*** DATA FOR PROCESSING Section Begins ***

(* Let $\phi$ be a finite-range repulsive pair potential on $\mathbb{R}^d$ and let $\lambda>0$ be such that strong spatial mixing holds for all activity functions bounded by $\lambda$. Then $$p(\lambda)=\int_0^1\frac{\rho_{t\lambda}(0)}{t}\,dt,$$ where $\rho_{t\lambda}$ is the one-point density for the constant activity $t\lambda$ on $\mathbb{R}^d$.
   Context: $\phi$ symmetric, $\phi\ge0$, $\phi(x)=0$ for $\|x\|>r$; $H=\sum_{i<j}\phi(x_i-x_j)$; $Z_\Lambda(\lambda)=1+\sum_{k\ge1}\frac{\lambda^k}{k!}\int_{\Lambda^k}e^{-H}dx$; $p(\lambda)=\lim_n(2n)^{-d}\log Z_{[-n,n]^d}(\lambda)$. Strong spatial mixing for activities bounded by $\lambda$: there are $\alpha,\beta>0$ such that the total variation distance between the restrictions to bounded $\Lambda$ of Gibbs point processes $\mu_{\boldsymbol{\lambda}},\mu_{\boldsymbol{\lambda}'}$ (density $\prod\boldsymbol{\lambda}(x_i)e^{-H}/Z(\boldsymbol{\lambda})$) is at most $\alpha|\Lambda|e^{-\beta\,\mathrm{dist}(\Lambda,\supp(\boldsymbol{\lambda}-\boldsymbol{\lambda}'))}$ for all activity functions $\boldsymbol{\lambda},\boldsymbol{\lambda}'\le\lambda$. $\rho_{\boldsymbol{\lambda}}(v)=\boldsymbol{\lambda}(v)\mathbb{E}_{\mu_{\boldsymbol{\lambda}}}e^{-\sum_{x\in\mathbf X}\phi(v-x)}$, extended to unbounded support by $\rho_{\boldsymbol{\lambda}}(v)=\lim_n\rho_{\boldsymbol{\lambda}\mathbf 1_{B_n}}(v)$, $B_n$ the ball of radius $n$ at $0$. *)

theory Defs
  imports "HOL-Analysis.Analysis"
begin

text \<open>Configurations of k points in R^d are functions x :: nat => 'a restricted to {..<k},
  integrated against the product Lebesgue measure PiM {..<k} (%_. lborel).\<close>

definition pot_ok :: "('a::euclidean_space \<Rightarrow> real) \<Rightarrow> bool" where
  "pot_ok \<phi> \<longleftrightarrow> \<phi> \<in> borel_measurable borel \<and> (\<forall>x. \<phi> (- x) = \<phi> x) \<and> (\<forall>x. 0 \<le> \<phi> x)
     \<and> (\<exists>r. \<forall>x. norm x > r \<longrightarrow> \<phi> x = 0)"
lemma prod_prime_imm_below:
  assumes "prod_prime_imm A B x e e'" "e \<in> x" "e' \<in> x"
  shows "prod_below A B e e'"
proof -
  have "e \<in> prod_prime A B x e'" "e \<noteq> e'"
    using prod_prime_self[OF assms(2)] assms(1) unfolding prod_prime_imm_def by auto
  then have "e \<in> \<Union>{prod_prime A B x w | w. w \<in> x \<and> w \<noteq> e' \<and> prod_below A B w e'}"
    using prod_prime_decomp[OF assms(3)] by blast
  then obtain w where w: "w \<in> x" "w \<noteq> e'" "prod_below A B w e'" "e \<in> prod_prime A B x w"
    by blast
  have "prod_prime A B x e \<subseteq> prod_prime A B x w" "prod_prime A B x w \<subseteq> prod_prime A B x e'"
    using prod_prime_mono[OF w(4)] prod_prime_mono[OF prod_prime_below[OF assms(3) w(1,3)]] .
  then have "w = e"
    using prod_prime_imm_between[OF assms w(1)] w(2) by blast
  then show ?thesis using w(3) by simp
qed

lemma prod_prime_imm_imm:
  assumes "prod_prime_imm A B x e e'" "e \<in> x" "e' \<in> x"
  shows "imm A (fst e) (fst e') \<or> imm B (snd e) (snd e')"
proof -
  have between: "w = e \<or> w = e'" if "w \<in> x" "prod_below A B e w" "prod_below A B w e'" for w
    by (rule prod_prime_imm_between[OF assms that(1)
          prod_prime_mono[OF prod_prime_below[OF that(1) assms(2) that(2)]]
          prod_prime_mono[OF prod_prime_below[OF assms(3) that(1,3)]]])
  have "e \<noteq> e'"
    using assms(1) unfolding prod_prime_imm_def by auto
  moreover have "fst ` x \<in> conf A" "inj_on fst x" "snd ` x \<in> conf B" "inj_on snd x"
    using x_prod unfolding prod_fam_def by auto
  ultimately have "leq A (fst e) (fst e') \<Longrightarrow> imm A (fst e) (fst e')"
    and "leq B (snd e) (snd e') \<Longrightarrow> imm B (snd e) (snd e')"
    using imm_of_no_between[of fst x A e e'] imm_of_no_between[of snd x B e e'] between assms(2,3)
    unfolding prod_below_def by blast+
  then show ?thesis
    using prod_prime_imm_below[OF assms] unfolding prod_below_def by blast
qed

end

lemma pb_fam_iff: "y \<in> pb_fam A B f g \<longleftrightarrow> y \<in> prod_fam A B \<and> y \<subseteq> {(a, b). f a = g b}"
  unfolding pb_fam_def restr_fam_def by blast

*** DATA FOR PROCESSING Section Ends ***

WORK INSTRUCTION: What lines in the material above contain the word "thesis"? Copy them out.

WRITTEN ANSWER:
  then show ?thesis using w(3) by simp
  then show ?thesis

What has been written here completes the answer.